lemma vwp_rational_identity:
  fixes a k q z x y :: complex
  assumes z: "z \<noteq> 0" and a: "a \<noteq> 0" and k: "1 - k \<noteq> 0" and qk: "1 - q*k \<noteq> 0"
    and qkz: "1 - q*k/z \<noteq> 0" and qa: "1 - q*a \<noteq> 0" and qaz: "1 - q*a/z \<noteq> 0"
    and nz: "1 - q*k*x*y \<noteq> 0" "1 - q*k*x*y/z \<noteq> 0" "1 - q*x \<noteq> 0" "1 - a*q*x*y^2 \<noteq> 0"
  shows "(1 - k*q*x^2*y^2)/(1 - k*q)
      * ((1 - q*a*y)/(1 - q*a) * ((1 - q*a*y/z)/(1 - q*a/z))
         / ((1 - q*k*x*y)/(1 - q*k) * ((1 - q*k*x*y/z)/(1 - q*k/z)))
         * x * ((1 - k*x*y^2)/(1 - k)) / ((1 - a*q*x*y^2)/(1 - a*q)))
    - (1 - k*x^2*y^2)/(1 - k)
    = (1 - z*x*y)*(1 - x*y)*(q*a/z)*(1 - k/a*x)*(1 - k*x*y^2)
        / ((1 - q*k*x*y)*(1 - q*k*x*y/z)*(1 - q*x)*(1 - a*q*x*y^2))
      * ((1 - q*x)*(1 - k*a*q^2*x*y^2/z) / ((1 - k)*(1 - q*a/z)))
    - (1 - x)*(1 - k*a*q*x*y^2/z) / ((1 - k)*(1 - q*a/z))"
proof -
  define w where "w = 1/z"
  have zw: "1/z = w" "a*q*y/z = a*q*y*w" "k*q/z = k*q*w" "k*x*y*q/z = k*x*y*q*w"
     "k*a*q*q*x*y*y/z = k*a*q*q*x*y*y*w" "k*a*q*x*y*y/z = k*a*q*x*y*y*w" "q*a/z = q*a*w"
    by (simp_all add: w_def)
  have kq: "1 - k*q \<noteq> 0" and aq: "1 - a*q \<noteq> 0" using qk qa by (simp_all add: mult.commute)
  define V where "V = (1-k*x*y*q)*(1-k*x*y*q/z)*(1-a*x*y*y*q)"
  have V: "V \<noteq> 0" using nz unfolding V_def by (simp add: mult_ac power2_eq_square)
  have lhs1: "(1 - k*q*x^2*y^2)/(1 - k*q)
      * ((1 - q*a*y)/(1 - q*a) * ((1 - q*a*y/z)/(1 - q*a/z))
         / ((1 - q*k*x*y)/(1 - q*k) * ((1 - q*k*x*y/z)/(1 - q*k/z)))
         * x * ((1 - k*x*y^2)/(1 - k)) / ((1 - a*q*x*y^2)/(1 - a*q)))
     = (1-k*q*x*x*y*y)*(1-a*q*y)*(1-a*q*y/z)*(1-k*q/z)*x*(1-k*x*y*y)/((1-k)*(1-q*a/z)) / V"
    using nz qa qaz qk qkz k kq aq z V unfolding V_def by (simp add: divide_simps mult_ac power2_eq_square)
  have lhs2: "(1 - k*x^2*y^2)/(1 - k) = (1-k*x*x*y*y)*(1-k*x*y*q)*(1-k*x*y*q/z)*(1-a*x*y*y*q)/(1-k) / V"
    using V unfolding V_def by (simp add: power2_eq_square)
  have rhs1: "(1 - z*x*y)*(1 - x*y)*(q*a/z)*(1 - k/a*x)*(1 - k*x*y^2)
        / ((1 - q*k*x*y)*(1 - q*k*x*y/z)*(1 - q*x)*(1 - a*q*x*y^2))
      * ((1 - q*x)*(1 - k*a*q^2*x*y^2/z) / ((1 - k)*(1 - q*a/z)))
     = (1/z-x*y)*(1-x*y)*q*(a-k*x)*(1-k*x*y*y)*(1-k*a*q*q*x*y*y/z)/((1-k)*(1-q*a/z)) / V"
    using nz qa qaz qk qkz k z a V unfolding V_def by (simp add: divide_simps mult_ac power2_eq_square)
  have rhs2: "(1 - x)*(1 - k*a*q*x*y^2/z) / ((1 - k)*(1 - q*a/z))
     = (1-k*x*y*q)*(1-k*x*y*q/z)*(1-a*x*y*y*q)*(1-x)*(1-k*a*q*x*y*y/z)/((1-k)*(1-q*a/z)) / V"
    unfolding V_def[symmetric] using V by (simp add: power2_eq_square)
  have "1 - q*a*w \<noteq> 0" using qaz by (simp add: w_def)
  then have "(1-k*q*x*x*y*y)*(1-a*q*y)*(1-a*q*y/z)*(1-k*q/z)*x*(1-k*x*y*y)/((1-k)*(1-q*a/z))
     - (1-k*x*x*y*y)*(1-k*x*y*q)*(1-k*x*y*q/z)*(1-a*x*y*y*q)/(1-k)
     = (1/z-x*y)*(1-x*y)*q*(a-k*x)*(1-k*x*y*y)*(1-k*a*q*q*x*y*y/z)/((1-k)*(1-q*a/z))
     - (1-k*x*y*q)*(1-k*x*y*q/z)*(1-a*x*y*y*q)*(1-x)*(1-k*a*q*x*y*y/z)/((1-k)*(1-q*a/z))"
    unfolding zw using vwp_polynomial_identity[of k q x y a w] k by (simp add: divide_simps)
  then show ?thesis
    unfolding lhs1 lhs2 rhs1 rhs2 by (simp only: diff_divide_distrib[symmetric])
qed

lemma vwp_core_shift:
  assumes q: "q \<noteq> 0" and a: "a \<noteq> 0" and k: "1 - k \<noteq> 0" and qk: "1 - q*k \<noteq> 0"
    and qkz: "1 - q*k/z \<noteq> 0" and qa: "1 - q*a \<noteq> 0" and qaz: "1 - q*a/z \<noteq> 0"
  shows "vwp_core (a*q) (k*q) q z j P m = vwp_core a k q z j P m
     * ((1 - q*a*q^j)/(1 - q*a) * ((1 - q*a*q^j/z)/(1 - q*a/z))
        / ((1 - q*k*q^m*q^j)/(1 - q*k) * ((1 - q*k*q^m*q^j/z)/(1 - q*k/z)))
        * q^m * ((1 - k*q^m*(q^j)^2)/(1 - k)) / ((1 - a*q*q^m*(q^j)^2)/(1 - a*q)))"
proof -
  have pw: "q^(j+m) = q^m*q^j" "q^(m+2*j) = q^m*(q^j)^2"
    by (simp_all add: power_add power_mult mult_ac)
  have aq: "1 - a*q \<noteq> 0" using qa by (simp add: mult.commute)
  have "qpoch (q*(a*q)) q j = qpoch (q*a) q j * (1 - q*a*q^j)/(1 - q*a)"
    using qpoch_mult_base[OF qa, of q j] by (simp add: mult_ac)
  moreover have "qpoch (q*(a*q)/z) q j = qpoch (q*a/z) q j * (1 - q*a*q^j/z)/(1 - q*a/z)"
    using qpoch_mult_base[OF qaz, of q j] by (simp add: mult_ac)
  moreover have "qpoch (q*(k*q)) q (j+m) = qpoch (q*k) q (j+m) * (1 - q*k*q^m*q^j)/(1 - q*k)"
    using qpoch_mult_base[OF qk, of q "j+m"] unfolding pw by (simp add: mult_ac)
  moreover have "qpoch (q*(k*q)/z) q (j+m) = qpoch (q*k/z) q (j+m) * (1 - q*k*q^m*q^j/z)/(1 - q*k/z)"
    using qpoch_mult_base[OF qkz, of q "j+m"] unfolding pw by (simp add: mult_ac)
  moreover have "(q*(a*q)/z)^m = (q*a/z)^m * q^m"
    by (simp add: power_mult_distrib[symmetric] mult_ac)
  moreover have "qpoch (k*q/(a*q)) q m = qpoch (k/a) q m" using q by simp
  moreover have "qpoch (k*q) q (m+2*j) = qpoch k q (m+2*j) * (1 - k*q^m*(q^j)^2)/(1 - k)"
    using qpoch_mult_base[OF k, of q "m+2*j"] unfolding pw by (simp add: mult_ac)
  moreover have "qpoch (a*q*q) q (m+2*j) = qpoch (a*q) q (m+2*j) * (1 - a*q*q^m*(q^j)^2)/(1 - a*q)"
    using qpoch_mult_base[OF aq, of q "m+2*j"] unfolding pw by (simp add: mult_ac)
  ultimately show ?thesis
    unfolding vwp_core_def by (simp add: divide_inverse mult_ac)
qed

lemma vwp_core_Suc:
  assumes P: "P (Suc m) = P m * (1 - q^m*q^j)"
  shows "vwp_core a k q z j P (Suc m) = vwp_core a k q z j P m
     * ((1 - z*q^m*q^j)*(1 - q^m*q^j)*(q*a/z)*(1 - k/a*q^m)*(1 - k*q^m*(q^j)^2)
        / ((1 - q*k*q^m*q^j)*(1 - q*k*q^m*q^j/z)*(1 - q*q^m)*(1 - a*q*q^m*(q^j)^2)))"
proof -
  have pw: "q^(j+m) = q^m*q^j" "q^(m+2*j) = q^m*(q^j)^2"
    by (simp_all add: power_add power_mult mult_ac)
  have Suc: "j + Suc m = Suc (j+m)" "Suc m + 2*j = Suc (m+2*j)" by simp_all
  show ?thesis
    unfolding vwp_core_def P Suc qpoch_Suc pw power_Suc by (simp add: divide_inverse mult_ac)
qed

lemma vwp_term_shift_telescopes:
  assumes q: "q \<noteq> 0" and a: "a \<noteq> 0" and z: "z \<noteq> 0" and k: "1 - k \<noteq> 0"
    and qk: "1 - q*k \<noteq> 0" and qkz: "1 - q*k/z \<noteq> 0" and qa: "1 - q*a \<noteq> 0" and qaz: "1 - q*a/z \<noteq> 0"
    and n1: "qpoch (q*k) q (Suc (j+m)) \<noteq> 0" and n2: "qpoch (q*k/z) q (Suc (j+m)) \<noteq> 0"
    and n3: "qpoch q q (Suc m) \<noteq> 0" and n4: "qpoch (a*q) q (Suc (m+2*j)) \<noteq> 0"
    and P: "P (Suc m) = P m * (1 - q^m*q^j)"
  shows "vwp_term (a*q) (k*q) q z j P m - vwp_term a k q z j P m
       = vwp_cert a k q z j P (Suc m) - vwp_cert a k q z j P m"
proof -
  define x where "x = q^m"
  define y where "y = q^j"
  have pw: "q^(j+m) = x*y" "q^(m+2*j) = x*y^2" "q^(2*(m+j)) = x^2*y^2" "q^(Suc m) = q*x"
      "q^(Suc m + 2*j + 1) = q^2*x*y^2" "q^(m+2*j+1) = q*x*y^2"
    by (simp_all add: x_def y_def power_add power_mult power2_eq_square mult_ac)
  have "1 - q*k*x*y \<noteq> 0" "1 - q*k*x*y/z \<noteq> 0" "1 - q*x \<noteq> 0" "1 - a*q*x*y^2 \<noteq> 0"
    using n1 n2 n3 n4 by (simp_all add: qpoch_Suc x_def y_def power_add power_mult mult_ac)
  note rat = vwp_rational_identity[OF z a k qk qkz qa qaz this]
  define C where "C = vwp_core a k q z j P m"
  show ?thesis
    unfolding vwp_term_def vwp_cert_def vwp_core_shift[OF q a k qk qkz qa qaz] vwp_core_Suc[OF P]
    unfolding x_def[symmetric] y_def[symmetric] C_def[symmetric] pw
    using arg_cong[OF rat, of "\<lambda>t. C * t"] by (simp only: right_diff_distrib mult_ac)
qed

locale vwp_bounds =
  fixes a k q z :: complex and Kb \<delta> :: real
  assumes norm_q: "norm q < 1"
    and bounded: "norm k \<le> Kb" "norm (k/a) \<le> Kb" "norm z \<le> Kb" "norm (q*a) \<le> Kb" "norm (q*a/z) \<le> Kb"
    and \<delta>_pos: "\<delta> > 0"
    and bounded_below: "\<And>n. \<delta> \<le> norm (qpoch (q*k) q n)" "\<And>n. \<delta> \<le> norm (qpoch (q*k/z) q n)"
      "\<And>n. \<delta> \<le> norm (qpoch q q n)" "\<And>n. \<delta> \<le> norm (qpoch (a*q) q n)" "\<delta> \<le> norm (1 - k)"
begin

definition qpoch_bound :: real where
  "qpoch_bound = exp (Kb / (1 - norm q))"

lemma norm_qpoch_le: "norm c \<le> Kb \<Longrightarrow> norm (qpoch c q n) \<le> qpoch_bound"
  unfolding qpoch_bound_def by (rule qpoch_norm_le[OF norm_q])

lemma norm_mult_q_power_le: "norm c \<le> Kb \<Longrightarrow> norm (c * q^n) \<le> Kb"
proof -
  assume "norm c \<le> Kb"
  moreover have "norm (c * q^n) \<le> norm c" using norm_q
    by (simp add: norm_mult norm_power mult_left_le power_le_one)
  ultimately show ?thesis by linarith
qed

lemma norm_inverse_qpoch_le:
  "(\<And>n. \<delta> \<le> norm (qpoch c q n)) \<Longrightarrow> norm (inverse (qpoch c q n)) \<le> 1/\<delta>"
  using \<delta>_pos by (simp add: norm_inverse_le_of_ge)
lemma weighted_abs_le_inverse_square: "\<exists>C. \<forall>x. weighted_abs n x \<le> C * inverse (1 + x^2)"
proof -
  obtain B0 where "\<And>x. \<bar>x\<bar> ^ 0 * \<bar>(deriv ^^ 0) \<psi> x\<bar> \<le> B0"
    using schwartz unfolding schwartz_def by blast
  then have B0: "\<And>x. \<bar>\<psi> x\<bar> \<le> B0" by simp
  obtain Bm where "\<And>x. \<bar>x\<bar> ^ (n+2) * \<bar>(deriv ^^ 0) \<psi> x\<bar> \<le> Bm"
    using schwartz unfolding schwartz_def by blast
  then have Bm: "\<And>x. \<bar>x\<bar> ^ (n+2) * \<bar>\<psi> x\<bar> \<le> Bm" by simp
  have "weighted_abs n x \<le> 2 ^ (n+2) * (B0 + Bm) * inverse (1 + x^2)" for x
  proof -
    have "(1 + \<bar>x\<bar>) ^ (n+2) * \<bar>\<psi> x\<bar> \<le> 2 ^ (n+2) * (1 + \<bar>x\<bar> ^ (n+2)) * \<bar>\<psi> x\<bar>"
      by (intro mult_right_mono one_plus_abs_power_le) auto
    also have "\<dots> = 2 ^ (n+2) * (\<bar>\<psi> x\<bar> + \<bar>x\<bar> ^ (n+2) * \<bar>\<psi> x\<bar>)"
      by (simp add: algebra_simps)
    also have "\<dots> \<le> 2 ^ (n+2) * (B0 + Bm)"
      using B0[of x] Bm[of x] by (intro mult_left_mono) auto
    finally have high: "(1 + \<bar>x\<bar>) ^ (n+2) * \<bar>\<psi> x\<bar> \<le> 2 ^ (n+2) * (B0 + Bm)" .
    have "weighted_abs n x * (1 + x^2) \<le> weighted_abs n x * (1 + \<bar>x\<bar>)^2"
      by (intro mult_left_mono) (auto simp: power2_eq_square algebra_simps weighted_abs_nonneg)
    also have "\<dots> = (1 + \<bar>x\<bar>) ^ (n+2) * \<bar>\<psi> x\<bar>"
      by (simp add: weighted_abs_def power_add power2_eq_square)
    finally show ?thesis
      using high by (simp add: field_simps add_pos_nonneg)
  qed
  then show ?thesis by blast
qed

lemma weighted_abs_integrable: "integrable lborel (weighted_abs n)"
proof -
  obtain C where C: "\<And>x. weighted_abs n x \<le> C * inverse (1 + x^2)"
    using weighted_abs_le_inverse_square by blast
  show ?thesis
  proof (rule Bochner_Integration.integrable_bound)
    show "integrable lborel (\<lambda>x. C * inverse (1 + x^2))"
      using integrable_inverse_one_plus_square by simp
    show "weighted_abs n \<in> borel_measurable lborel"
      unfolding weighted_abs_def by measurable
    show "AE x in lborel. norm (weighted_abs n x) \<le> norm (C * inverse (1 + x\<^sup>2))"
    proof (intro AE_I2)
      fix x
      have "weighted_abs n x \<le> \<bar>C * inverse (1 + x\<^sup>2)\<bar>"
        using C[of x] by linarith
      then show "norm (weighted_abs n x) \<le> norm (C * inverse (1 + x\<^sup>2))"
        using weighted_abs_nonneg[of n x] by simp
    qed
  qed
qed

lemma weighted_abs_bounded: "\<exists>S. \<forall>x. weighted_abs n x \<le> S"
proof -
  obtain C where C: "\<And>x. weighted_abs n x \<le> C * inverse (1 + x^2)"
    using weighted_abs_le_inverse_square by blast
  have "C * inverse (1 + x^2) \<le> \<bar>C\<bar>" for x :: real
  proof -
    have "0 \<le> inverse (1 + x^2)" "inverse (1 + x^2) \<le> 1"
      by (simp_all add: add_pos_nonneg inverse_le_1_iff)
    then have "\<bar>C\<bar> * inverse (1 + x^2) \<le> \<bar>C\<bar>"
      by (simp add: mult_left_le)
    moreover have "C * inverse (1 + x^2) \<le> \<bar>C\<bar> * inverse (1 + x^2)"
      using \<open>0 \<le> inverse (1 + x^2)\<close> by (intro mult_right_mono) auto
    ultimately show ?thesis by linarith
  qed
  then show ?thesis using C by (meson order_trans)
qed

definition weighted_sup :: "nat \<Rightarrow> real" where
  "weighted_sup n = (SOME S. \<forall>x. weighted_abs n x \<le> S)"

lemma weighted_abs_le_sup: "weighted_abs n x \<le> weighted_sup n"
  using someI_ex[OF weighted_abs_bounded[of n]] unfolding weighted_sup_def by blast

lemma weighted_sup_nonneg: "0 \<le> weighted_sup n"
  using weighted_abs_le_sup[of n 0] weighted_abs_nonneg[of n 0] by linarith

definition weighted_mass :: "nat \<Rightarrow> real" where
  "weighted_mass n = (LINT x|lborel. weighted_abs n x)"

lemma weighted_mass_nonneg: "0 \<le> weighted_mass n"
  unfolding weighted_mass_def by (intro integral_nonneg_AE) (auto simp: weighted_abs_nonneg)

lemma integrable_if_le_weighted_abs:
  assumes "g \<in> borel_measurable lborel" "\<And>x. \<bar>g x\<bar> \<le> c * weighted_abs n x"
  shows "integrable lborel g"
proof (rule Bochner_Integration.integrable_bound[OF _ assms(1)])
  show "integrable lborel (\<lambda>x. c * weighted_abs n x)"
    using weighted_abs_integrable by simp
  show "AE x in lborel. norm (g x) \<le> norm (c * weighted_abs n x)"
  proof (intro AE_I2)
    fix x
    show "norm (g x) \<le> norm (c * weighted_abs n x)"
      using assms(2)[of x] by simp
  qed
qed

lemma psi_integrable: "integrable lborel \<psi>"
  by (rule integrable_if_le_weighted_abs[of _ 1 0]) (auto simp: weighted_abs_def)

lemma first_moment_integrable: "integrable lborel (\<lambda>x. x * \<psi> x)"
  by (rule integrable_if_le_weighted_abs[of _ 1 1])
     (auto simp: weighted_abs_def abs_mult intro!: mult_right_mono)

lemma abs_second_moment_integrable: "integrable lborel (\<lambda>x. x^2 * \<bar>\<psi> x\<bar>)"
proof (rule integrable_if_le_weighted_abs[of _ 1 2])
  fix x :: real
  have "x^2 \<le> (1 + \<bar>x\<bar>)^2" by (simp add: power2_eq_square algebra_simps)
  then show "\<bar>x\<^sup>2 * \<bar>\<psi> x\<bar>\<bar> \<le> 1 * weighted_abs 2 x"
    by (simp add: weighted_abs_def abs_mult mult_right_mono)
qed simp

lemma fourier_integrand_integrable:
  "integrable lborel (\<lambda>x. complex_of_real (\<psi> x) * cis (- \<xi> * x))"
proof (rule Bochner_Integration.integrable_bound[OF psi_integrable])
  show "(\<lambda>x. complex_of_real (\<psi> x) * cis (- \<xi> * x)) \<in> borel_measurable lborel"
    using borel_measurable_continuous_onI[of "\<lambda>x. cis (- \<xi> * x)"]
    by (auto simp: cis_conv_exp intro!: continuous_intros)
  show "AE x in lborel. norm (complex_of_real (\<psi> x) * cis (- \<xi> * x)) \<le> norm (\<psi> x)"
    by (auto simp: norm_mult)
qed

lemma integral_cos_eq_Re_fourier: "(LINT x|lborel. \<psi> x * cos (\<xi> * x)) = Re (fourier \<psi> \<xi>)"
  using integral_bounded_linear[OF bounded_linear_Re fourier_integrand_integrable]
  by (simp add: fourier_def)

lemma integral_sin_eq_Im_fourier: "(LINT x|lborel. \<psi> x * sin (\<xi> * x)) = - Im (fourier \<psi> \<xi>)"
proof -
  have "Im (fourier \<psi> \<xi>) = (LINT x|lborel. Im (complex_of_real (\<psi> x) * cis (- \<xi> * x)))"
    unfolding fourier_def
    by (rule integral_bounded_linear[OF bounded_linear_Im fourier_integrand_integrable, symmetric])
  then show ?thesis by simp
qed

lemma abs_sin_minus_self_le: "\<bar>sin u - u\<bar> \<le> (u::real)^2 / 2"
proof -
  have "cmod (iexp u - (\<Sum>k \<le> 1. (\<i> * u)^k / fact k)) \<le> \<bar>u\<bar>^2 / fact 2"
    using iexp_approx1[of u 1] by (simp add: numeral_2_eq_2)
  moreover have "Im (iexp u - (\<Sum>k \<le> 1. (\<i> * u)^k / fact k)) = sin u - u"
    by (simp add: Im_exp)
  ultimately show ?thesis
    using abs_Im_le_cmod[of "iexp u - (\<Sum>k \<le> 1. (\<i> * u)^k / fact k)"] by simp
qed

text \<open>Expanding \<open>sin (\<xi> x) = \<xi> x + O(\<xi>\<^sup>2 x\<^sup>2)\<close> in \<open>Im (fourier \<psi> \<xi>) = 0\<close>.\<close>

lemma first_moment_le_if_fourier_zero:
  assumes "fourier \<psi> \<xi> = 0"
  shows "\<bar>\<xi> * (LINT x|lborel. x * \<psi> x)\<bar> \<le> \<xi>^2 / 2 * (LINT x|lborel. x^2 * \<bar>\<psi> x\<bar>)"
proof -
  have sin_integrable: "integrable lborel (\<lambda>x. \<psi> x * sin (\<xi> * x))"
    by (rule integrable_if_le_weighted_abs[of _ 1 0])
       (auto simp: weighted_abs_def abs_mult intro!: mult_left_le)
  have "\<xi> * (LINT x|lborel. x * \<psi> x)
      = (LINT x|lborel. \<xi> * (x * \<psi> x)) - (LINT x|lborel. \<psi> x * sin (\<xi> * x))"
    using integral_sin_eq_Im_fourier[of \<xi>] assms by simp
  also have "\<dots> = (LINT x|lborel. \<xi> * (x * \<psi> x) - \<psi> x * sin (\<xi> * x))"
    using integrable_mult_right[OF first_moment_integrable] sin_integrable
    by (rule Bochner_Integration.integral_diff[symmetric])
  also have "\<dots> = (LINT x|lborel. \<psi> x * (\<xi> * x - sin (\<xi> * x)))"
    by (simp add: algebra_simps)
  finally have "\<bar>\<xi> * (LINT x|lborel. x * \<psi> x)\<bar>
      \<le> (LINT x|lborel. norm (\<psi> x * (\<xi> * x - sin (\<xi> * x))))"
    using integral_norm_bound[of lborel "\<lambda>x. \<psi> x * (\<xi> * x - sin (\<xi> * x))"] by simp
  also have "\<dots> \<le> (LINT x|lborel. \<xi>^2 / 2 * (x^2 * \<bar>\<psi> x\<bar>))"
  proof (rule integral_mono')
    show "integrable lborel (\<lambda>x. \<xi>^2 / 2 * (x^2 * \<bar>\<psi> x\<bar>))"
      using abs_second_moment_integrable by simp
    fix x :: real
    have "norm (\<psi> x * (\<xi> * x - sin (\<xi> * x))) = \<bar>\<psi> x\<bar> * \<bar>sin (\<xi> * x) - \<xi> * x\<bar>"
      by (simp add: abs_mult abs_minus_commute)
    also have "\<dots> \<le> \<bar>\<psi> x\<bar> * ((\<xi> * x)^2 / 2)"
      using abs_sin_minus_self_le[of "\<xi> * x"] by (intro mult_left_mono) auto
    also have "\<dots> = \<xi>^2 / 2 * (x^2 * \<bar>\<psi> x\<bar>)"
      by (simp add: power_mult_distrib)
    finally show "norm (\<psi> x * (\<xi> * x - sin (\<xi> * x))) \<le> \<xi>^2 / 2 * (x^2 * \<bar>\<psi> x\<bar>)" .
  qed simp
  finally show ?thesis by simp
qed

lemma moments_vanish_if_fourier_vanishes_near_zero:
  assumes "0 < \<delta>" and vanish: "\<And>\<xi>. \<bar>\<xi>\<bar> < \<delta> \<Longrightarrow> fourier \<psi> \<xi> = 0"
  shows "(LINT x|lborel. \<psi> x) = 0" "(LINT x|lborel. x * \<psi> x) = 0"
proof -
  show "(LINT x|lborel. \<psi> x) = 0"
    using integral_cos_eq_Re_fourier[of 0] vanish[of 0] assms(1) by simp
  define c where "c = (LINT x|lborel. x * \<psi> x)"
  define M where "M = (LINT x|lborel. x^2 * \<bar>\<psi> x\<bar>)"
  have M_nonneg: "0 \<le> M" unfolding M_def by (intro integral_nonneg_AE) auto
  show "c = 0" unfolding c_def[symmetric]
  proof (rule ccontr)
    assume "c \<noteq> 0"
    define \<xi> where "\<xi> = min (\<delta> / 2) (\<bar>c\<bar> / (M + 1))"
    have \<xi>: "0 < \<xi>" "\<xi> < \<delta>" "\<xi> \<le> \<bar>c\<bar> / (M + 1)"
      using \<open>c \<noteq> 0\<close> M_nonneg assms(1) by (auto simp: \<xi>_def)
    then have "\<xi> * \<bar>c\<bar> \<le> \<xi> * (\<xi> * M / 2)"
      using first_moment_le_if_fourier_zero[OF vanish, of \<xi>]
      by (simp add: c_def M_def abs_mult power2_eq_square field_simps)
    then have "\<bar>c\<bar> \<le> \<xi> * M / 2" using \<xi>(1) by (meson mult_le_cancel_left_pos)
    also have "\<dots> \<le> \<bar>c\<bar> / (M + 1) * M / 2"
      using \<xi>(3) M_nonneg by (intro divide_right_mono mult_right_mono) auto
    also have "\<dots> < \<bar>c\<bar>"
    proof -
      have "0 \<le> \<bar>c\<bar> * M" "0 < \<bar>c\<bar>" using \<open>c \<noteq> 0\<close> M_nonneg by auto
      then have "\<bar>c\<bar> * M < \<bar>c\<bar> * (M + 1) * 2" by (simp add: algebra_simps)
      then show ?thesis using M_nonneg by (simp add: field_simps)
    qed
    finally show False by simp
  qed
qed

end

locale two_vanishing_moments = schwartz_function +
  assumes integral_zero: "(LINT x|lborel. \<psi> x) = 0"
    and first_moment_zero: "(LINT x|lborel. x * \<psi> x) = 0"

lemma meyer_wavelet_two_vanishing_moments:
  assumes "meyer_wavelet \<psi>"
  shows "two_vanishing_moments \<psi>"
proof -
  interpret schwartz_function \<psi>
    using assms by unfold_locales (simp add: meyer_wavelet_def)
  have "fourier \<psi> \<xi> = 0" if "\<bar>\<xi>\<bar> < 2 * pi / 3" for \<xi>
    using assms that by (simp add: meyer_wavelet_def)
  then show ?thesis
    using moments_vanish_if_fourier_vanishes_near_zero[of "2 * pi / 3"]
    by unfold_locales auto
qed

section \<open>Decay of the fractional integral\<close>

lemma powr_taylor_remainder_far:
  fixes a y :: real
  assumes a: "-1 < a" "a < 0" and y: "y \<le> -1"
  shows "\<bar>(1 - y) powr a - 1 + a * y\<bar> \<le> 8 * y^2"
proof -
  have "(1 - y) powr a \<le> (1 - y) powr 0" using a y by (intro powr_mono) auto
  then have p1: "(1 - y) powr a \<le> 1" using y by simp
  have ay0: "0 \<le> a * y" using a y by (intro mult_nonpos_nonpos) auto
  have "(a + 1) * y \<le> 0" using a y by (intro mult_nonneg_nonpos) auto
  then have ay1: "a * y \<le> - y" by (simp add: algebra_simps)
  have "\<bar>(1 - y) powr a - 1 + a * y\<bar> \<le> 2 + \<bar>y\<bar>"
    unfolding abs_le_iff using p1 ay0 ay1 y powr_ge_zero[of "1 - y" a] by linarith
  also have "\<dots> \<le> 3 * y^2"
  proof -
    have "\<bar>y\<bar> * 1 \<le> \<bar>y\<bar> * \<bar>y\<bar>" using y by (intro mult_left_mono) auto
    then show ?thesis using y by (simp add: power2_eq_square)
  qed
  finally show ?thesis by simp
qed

━━━

All lines in the listing above between the line with "unfolding vwp_core_def P" and the line with "unfolding x_def[symmetric] y_def[symmetric]", inclusive, should be set down exactly, and no line outside that range.

** Expected answer **
    unfolding vwp_core_def P Suc qpoch_Suc pw power_Suc by (simp add: divide_inverse mult_ac)
qed

lemma vwp_term_shift_telescopes:
  assumes q: "q \<noteq> 0" and a: "a \<noteq> 0" and z: "z \<noteq> 0" and k: "1 - k \<noteq> 0"
    and qk: "1 - q*k \<noteq> 0" and qkz: "1 - q*k/z \<noteq> 0" and qa: "1 - q*a \<noteq> 0" and qaz: "1 - q*a/z \<noteq> 0"
    and n1: "qpoch (q*k) q (Suc (j+m)) \<noteq> 0" and n2: "qpoch (q*k/z) q (Suc (j+m)) \<noteq> 0"
    and n3: "qpoch q q (Suc m) \<noteq> 0" and n4: "qpoch (a*q) q (Suc (m+2*j)) \<noteq> 0"
    and P: "P (Suc m) = P m * (1 - q^m*q^j)"
  shows "vwp_term (a*q) (k*q) q z j P m - vwp_term a k q z j P m
       = vwp_cert a k q z j P (Suc m) - vwp_cert a k q z j P m"
proof -
  define x where "x = q^m"
  define y where "y = q^j"
  have pw: "q^(j+m) = x*y" "q^(m+2*j) = x*y^2" "q^(2*(m+j)) = x^2*y^2" "q^(Suc m) = q*x"
      "q^(Suc m + 2*j + 1) = q^2*x*y^2" "q^(m+2*j+1) = q*x*y^2"
    by (simp_all add: x_def y_def power_add power_mult power2_eq_square mult_ac)
  have "1 - q*k*x*y \<noteq> 0" "1 - q*k*x*y/z \<noteq> 0" "1 - q*x \<noteq> 0" "1 - a*q*x*y^2 \<noteq> 0"
    using n1 n2 n3 n4 by (simp_all add: qpoch_Suc x_def y_def power_add power_mult mult_ac)
  note rat = vwp_rational_identity[OF z a k qk qkz qa qaz this]
  define C where "C = vwp_core a k q z j P m"
  show ?thesis
    unfolding vwp_term_def vwp_cert_def vwp_core_shift[OF q a k qk qkz qa qaz] vwp_core_Suc[OF P]
    unfolding x_def[symmetric] y_def[symmetric] C_def[symmetric] pw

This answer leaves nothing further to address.